A lot of land cover products are in essence derived from remote sensing data. But there are also other indicators that can be derived from remote sensing information, for example greenness. One such indicator is the Normalised Difference Vegetation Index (NDVI), which is derived from the spectral reflectance measurements acquired in the red (visible) and near-infrared wavebands. Healthy plants absorb red light and reflect near-infrared leading to strong differences in the reflectance of these wavebands. For living plants NDVI should always be positive, while for dead plants or rock or water surfaces NDVI will be negative. Healthy, dense canopy vegetation will have NDVI above 0.5. (These are just rough interpretations, please read up more on NDVI for exact details.)

NDVI data from 2014 onwards can be downloaded from Copernicus Global Land Service (CGLS, https://land.copernicus.eu/global/products/ndvi). The data are available at 300m or 1km resolution every two weeks. Older NDVI data for 1985-2015 are available as product of NOAA Global Inventory Monitoring and Modeling System (GIMMS) from the Big Earth Data Platform, with 8km resolution and images every two weeks.
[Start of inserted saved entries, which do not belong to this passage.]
(* Let $A\in\mathbb Z^{d\times n}$ with $\ker(A)\cap\mathbb N^n=\{0\}$. Suppose that $A$ has a unique minimal Markov basis $M$ up to replacing its elements by their negatives. If $M$ is distance reducing, then $S(A)=D(A)=M(A)=\mathcal D(A)$.
   Context: For $z\in\mathbb Z^n$, $z^\pm\in\mathbb N^n$ are the unique vectors with disjoint supports and $z=z^+-z^-$; $\|\cdot\|$ is the $1$-norm; $\le$ is coordinatewise. A Markov basis is a set $B\subseteq\ker(A)$ whose binomials $x^{u^+}-x^{u^-}$ generate the toric ideal $I_A=\langle x^{u^+}-x^{u^-}:u\in\ker(A)\rangle$; minimal means no proper subset is one. $M(A)$ is the union of all minimal Markov bases. $S(A)$ is the set of nonzero $z\in\ker(A)$ with no decomposition $z=u+v$, $u,v\in\ker(A)\setminus\{0\}$, such that $u_i>0\Rightarrow v_i\ge0$ for all $i$. A positive (resp. negative) distance decomposition of $z$ is $z=u+v$ with $u,v\in\ker(A)\setminus\{0\}$, $u^+\le z^+$ (resp. $u^-\le z^-$), $\|v\|<\|z\|$; $D(A)$ is the set of nonzero $z\in\ker(A)$ admitting neither. For nonzero $z\in\ker(A)$, $u$ reduces the distance of $z$ if there exist $(p,q)\in\{(z^+,z^-),(z^-,z^+)\}$ and $\varepsilon\in\{\pm1\}$ with $p+\varepsilon u\in\mathbb N^n$ and $\|p+\varepsilon u-q\|<\|z\|$; $B$ is distance reducing if every nonzero $z\in\ker(A)$ has its distance reduced by some element of $B$. $\mathcal D(A)$ is the union of all minimal distance reducing Markov bases, i.e., distance reducing sets $B\subseteq\ker(A)$ no proper subset of which is distance reducing. *)

theory Defs
  imports Complex_Main "HOL-Library.Poly_Mapping" "HOL-Library.Function_Algebras"
begin

(* Vectors in Z^n are functions 'n => int for a finite index type 'n;
   a d x n integer matrix is a function 'd => 'n => int. *)

definition kerA :: "('d::finite \<Rightarrow> 'n::finite \<Rightarrow> int) \<Rightarrow> ('n \<Rightarrow> int) set" where
  "kerA A = {z. \<forall>r. (\<Sum>j\<in>UNIV. A r j * z j) = 0}"

definition natvec :: "('n \<Rightarrow> int) \<Rightarrow> bool" where
  "natvec u \<longleftrightarrow> (\<forall>i. u i \<ge> 0)"

definition posp :: "('n \<Rightarrow> int) \<Rightarrow> ('n \<Rightarrow> int)" where
  "posp z = (\<lambda>i. max (z i) 0)"

definition negp :: "('n \<Rightarrow> int) \<Rightarrow> ('n \<Rightarrow> int)" where
  "negp z = (\<lambda>i. max (- z i) 0)"

definition norm1 :: "('n::finite \<Rightarrow> int) \<Rightarrow> int" where
  "norm1 z = (\<Sum>i\<in>UNIV. \<bar>z i\<bar>)"

(* polynomial ring k[x_i : i in 'n] over k = rat, as finitely supported maps
   from exponent vectors to coefficients *)
type_synonym 'n poly_ring = "('n \<Rightarrow>\<^sub>0 nat) \<Rightarrow>\<^sub>0 rat"

definition monomial_of :: "('n::finite \<Rightarrow> int) \<Rightarrow> 'n poly_ring" where
  "monomial_of u = Poly_Mapping.single (Abs_poly_mapping (\<lambda>i. nat (u i))) 1"

definition binomial_of :: "('n::finite \<Rightarrow> int) \<Rightarrow> 'n poly_ring" where
  "binomial_of z = monomial_of (posp z) - monomial_of (negp z)"

definition gen_ideal :: "'a::comm_ring_1 set \<Rightarrow> 'a set" where
  "gen_ideal G = {p. \<exists>S f. finite S \<and> S \<subseteq> G \<and> p = (\<Sum>g\<in>S. f g * g)}"

definition toric_ideal :: "('d::finite \<Rightarrow> 'n::finite \<Rightarrow> int) \<Rightarrow> 'n poly_ring set" where
  "toric_ideal A = gen_ideal (binomial_of ` kerA A)"

definition markov_basis :: "('d::finite \<Rightarrow> 'n::finite \<Rightarrow> int) \<Rightarrow> ('n \<Rightarrow> int) set \<Rightarrow> bool" where
  "markov_basis A B \<longleftrightarrow> B \<subseteq> kerA A \<and> gen_ideal (binomial_of ` B) = toric_ideal A"

definition minimal_markov_basis :: "('d::finite \<Rightarrow> 'n::finite \<Rightarrow> int) \<Rightarrow> ('n \<Rightarrow> int) set \<Rightarrow> bool" where
  "minimal_markov_basis A B \<longleftrightarrow> markov_basis A B \<and> (\<forall>B'. B' \<subset> B \<longrightarrow> \<not> markov_basis A B')"

definition MA :: "('d::finite \<Rightarrow> 'n::finite \<Rightarrow> int) \<Rightarrow> ('n \<Rightarrow> int) set" where
  "MA A = \<Union>{B. minimal_markov_basis A B}"

definition SA :: "('d::finite \<Rightarrow> 'n::finite \<Rightarrow> int) \<Rightarrow> ('n \<Rightarrow> int) set" where
  "SA A = {z \<in> kerA A. z \<noteq> 0 \<and>
     \<not> (\<exists>u v. u \<in> kerA A - {0} \<and> v \<in> kerA A - {0} \<and> z = u + v \<and>
              (\<forall>i. u i > 0 \<longrightarrow> v i \<ge> 0))}"

definition pos_dist_decomp :: "('d::finite \<Rightarrow> 'n::finite \<Rightarrow> int) \<Rightarrow> ('n \<Rightarrow> int) \<Rightarrow> bool" where
  "pos_dist_decomp A z \<longleftrightarrow> (\<exists>u v. u \<in> kerA A - {0} \<and> v \<in> kerA A - {0} \<and> z = u + v \<and>
       posp u \<le> posp z \<and> norm1 v < norm1 z)"

definition neg_dist_decomp :: "('d::finite \<Rightarrow> 'n::finite \<Rightarrow> int) \<Rightarrow> ('n \<Rightarrow> int) \<Rightarrow> bool" where
  "neg_dist_decomp A z \<longleftrightarrow> (\<exists>u v. u \<in> kerA A - {0} \<and> v \<in> kerA A - {0} \<and> z = u + v \<and>
       negp u \<le> negp z \<and> norm1 v < norm1 z)"

definition DA :: "('d::finite \<Rightarrow> 'n::finite \<Rightarrow> int) \<Rightarrow> ('n \<Rightarrow> int) set" where
  "DA A = {z \<in> kerA A. z \<noteq> 0 \<and> \<not> pos_dist_decomp A z \<and> \<not> neg_dist_decomp A z}"

definition reduces_distance :: "('n::finite \<Rightarrow> int) \<Rightarrow> ('n \<Rightarrow> int) \<Rightarrow> bool" where
  "reduces_distance u z \<longleftrightarrow>
     (\<exists>p q e. (p, q) \<in> {(posp z, negp z), (negp z, posp z)} \<and> e \<in> {1, -1::int} \<and>
        natvec (\<lambda>i. p i + e * u i) \<and> norm1 (\<lambda>i. p i + e * u i - q i) < norm1 z)"

definition distance_reducing :: "('d::finite \<Rightarrow> 'n::finite \<Rightarrow> int) \<Rightarrow> ('n \<Rightarrow> int) set \<Rightarrow> bool" where
  "distance_reducing A B \<longleftrightarrow> B \<subseteq> kerA A \<and>
     (\<forall>z \<in> kerA A. z \<noteq> 0 \<longrightarrow> (\<exists>u \<in> B. reduces_distance u z))"

definition minimal_distance_reducing :: "('d::finite \<Rightarrow> 'n::finite \<Rightarrow> int) \<Rightarrow> ('n \<Rightarrow> int) set \<Rightarrow> bool" where
  "minimal_distance_reducing A B \<longleftrightarrow> distance_reducing A B \<and>
     (\<forall>B'. B' \<subset> B \<longrightarrow> \<not> distance_reducing A B')"

definition calDA :: "('d::finite \<Rightarrow> 'n::finite \<Rightarrow> int) \<Rightarrow> ('n \<Rightarrow> int) set" where
  "calDA A = \<Union>{B. minimal_distance_reducing A B}"

end

theory Submission
  imports Defs
begin

(*
  Since M is the unique minimal Markov basis up to sign, every z in M is indispensable:
  each minimal Markov basis contains z or -z. This forces the fiber of z^+ to be {z^+, z^-}.
  Indeed, a third point m of that fiber would allow replacing the move z by the two moves
  z^+ - m and m - z^-, and a minimal Markov basis inside the resulting Markov basis (one
  exists by Zorn's lemma, because fibers are finite) would avoid both z and -z.
  Throughout, Markov bases are used as exactly the sets of moves connecting every fiber.

  A two-point fiber rules out every decomposition occurring in the definitions of S(A) and
  D(A), so +-M lies in S(A) and in D(A). Conversely, if M is distance reducing, a vector of
  S(A) or D(A) can only have its distance reduced by itself or its negative, so S(A) and D(A)
  lie in +-M. Finally M(A) = +-M by uniqueness, and the union of the minimal distance
  reducing sets is +-M because each of them contains z or -z for every z in D(A).
*)

section \<open>Kernel vectors and their positive and negative parts\<close>

lemma zero_in_kerA: "0 \<in> kerA A"
  by (simp add: kerA_def)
I will not go into detail of how to download the NDVI data. The data are typically stored in NetCDF format which can also be read into R. I have already downloaded 1km NDVI data from the CGLS database for two time slices (01/12/2019 and 01/06/2020) and extracted the data for Germany. Course participants can download the raster stacks from moodle (please put it into your data folder).

# Read in raster stack
ndvi <- stack('data/NDVI_1km_DE.grd')

# plot NDVI layers
plot(ndvi)

Exercise:

  • Plot the difference in summer and winter NDVI values. Where do we observe largest difference in greenness between summer and winter? Interpret.

References

Buchhorn, Marcel, Myroslava Lesiv, Nandin-Erdene Tsendbazar, Martin Herold, Luc Bertels, and Bruno Smets. 2020. “Copernicus Global Land Cover Layerscollection 2.” Remote Sensing 12 (6): 1044. https://doi.org/10.3390/rs12061044.
Buchhorn, Marcel, Bruno Smets, Luc Bertels, Bert De Roo, Myroslava Lesiv, Nandin-Erdene Tsendbazar, Martin Herold, and Steffen Fritz. 2020. “Copernicus Global Land Service: Land Cover 100m: Collection 3: Epoch 2019: Globe.” Zenodo. https://doi.org/10.5281/ZENODO.3939050.
Karger, D. N., O. Conrad, J. Boehner, T. Kawohl, H. Kreft, R. Wilber Soria-Auza, N. E. Zimmermann, H. P. Linder, and M. Kessler. 2017. “Climatologies at High Resolution for the Earth’s Land Surface Areas.” Scientific Data 4 (September): 170122.